Write out, please, the lines from the beginning of the material to the line with "unfolding pnorm_def using add_pos_nonneg[of", including both ends and nothing else.
________________________________________
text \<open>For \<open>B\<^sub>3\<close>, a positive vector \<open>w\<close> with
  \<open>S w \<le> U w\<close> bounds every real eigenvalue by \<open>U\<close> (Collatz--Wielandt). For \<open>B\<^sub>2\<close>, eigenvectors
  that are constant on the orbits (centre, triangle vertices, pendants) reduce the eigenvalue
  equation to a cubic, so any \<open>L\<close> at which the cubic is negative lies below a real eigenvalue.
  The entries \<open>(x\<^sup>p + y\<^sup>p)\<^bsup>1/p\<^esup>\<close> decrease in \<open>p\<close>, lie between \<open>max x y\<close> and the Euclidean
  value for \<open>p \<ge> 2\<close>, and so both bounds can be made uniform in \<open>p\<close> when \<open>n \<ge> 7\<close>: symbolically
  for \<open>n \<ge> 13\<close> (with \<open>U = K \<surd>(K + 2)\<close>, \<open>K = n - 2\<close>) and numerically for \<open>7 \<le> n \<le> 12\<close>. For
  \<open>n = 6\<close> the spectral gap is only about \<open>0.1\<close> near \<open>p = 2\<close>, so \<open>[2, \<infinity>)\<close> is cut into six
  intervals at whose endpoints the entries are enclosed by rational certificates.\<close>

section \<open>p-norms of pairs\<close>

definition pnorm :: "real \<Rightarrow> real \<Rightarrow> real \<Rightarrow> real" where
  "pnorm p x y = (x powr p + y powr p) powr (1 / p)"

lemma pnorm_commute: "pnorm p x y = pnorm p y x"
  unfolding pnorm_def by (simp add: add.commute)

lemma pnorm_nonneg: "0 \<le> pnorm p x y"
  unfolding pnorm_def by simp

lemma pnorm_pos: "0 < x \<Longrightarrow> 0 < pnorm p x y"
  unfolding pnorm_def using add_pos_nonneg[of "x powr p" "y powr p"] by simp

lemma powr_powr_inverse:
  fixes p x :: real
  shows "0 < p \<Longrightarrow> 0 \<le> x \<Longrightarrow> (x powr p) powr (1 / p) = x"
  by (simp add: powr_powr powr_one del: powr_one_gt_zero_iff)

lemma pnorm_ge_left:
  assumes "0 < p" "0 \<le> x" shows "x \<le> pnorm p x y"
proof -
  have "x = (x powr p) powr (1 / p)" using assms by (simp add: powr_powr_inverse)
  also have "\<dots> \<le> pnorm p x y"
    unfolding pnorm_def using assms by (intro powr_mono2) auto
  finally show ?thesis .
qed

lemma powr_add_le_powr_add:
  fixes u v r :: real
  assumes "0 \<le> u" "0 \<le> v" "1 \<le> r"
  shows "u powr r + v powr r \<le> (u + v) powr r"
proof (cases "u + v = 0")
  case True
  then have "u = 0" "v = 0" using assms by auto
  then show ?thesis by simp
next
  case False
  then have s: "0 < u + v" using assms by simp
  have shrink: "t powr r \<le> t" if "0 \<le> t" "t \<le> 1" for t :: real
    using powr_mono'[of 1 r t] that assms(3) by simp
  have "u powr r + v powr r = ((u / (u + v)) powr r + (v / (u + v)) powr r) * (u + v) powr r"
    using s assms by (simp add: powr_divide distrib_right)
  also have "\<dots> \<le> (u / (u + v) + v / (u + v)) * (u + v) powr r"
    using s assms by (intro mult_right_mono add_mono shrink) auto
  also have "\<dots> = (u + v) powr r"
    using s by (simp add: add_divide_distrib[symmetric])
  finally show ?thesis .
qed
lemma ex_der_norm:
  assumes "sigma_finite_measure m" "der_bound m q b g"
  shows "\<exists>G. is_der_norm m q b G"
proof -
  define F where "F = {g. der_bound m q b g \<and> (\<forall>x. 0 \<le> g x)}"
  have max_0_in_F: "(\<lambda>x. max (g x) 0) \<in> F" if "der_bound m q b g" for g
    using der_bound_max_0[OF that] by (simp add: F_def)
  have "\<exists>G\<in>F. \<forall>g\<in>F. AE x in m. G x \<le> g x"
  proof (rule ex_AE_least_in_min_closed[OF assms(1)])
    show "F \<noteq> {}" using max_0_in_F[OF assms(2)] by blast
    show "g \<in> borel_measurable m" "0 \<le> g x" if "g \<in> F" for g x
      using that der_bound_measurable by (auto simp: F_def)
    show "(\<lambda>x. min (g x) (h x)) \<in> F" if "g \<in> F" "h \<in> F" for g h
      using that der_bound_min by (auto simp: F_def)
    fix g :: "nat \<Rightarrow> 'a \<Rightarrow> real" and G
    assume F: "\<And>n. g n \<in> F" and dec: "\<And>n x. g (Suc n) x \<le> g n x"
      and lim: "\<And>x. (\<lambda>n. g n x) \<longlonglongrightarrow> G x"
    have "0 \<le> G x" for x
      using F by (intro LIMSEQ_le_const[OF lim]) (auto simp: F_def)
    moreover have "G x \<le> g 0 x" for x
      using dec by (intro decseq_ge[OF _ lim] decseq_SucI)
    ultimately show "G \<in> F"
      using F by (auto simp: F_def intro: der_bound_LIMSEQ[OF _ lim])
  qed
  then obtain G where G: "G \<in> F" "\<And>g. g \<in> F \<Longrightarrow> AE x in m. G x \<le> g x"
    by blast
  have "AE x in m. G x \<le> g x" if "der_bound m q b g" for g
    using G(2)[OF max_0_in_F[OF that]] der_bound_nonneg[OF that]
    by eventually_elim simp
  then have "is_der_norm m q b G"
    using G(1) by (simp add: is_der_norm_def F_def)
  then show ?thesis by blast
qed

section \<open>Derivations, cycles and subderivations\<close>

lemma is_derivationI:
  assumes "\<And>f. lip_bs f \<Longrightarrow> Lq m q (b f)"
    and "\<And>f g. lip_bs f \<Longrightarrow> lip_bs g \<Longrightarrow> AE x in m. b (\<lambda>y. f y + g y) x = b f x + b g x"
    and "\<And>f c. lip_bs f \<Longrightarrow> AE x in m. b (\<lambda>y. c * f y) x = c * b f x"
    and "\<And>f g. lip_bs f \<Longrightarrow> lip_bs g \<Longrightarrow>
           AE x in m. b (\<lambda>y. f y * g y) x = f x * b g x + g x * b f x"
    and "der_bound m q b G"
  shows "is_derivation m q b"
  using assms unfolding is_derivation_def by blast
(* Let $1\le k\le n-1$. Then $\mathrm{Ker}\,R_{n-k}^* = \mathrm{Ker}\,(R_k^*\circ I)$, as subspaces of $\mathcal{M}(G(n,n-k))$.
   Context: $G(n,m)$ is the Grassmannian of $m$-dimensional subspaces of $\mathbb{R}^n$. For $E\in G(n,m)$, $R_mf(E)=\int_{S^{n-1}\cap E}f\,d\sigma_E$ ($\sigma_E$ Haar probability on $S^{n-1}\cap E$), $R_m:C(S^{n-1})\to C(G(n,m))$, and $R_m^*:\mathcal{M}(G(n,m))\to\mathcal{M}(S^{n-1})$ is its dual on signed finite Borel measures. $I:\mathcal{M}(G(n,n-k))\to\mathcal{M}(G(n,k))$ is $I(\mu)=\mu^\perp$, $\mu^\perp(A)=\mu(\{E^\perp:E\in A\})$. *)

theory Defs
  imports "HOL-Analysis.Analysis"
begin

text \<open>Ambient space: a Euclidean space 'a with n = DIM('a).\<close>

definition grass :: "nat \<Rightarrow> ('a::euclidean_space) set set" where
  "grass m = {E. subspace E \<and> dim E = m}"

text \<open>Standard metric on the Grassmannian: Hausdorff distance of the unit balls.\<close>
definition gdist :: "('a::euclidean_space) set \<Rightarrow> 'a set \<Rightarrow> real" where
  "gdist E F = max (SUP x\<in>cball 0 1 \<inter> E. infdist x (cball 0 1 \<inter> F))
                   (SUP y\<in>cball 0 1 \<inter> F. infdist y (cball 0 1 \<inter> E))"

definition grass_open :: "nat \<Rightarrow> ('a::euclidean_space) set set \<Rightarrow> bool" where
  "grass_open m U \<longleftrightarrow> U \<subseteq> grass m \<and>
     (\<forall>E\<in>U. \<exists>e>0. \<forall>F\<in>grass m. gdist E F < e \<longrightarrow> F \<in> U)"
________________________________________
*EXERCISE ANSWER*.
text \<open>For \<open>B\<^sub>3\<close>, a positive vector \<open>w\<close> with
  \<open>S w \<le> U w\<close> bounds every real eigenvalue by \<open>U\<close> (Collatz--Wielandt). For \<open>B\<^sub>2\<close>, eigenvectors
  that are constant on the orbits (centre, triangle vertices, pendants) reduce the eigenvalue
  equation to a cubic, so any \<open>L\<close> at which the cubic is negative lies below a real eigenvalue.
  The entries \<open>(x\<^sup>p + y\<^sup>p)\<^bsup>1/p\<^esup>\<close> decrease in \<open>p\<close>, lie between \<open>max x y\<close> and the Euclidean
  value for \<open>p \<ge> 2\<close>, and so both bounds can be made uniform in \<open>p\<close> when \<open>n \<ge> 7\<close>: symbolically
  for \<open>n \<ge> 13\<close> (with \<open>U = K \<surd>(K + 2)\<close>, \<open>K = n - 2\<close>) and numerically for \<open>7 \<le> n \<le> 12\<close>. For
  \<open>n = 6\<close> the spectral gap is only about \<open>0.1\<close> near \<open>p = 2\<close>, so \<open>[2, \<infinity>)\<close> is cut into six
  intervals at whose endpoints the entries are enclosed by rational certificates.\<close>

section \<open>p-norms of pairs\<close>

definition pnorm :: "real \<Rightarrow> real \<Rightarrow> real \<Rightarrow> real" where
  "pnorm p x y = (x powr p + y powr p) powr (1 / p)"

lemma pnorm_commute: "pnorm p x y = pnorm p y x"
  unfolding pnorm_def by (simp add: add.commute)

lemma pnorm_nonneg: "0 \<le> pnorm p x y"
  unfolding pnorm_def by simp

lemma pnorm_pos: "0 < x \<Longrightarrow> 0 < pnorm p x y"
  unfolding pnorm_def using add_pos_nonneg[of "x powr p" "y powr p"] by simp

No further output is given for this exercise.